### WORK TO COMPLETE
If a line in the data holds the string "packing", list it.

======== ENTRIES PROVIDED ========

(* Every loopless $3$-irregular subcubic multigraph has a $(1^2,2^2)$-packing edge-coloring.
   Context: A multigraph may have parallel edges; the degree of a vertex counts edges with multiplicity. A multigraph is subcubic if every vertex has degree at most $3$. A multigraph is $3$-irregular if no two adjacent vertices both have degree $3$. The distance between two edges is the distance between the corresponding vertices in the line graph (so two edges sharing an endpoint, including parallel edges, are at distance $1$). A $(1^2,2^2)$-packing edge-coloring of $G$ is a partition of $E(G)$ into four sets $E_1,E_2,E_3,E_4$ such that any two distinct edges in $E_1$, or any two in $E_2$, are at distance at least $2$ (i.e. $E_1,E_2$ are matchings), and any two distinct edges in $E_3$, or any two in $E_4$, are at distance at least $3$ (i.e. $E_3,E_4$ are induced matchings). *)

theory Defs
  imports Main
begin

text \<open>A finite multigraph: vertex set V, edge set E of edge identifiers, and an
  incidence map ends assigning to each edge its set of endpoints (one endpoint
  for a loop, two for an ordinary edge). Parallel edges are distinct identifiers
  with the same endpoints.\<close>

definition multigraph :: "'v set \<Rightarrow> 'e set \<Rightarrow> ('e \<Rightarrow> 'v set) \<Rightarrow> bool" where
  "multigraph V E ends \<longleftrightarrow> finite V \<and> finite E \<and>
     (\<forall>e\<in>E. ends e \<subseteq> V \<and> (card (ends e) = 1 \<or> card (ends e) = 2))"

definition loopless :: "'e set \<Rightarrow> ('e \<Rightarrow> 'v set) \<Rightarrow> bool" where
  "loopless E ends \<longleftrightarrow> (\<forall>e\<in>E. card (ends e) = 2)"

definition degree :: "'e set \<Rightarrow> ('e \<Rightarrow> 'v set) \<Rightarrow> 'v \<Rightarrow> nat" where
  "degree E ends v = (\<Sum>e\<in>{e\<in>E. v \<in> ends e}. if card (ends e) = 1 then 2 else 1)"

========
======== ENTRIES PROVIDED ========

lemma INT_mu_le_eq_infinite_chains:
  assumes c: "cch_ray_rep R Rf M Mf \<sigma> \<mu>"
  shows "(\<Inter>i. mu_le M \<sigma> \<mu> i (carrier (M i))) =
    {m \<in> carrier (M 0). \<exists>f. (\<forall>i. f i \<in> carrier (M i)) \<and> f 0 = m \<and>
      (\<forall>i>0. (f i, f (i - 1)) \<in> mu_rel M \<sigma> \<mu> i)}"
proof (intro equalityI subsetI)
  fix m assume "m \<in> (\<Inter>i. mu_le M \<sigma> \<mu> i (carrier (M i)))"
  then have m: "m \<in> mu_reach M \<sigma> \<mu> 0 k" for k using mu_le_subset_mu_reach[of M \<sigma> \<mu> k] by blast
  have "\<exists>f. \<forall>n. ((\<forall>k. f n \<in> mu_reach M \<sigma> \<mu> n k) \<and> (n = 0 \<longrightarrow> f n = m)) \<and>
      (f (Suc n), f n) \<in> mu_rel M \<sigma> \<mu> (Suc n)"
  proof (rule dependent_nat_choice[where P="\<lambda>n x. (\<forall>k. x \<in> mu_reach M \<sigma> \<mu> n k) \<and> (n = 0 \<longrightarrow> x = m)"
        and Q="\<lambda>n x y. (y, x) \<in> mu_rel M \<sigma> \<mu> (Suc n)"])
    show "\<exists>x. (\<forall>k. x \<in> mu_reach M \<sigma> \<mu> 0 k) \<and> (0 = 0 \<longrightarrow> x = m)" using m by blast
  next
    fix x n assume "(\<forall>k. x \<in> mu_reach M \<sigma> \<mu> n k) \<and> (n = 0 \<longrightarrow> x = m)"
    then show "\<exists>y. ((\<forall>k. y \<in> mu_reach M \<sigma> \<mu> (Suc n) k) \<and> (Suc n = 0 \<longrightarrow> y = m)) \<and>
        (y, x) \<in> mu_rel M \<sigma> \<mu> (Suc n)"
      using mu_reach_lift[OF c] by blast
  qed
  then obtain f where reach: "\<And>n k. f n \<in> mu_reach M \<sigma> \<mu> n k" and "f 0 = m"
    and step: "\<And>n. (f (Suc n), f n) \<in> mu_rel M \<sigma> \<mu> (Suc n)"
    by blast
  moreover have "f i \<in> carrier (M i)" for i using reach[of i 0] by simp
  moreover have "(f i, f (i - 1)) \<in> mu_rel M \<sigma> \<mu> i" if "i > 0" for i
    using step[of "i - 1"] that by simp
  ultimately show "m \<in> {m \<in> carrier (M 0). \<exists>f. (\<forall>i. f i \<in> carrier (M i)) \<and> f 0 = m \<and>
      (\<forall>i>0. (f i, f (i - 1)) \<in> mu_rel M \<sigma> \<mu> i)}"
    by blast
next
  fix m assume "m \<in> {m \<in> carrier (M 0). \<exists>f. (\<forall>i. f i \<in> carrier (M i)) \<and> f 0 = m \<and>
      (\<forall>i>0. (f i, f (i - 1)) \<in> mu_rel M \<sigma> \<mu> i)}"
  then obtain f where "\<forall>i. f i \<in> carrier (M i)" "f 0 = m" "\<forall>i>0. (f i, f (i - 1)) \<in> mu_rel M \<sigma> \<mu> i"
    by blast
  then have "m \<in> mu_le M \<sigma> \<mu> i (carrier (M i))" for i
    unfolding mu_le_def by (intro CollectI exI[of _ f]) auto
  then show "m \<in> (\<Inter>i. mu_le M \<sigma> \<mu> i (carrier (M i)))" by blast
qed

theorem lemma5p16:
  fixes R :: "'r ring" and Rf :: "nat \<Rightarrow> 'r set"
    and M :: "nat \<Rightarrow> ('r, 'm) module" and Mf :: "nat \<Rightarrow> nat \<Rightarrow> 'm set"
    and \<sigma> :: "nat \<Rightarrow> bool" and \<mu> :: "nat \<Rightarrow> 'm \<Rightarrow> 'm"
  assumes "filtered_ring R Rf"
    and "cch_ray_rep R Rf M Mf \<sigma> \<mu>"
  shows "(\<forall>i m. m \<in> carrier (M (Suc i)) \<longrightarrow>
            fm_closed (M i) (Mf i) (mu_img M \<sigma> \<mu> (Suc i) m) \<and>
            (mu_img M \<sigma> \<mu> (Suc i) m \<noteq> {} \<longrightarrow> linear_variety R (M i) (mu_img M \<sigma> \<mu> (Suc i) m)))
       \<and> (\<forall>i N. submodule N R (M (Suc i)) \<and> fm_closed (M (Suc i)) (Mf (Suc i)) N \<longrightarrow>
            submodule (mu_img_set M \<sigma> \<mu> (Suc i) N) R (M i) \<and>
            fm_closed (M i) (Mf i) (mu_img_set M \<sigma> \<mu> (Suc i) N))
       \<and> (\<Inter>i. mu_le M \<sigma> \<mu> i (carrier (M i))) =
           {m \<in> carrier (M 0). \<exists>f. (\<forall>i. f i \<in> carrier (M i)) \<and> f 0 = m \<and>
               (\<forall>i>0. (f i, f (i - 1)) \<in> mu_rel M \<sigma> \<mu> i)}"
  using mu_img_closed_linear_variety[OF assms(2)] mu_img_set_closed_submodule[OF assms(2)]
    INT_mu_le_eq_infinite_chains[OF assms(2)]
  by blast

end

========

### WRITTEN RESPONSE
(* Every loopless $3$-irregular subcubic multigraph has a $(1^2,2^2)$-packing edge-coloring.
   Context: A multigraph may have parallel edges; the degree of a vertex counts edges with multiplicity. A multigraph is subcubic if every vertex has degree at most $3$. A multigraph is $3$-irregular if no two adjacent vertices both have degree $3$. The distance between two edges is the distance between the corresponding vertices in the line graph (so two edges sharing an endpoint, including parallel edges, are at distance $1$). A $(1^2,2^2)$-packing edge-coloring of $G$ is a partition of $E(G)$ into four sets $E_1,E_2,E_3,E_4$ such that any two distinct edges in $E_1$, or any two in $E_2$, are at distance at least $2$ (i.e. $E_1,E_2$ are matchings), and any two distinct edges in $E_3$, or any two in $E_4$, are at distance at least $3$ (i.e. $E_3,E_4$ are induced matchings). *)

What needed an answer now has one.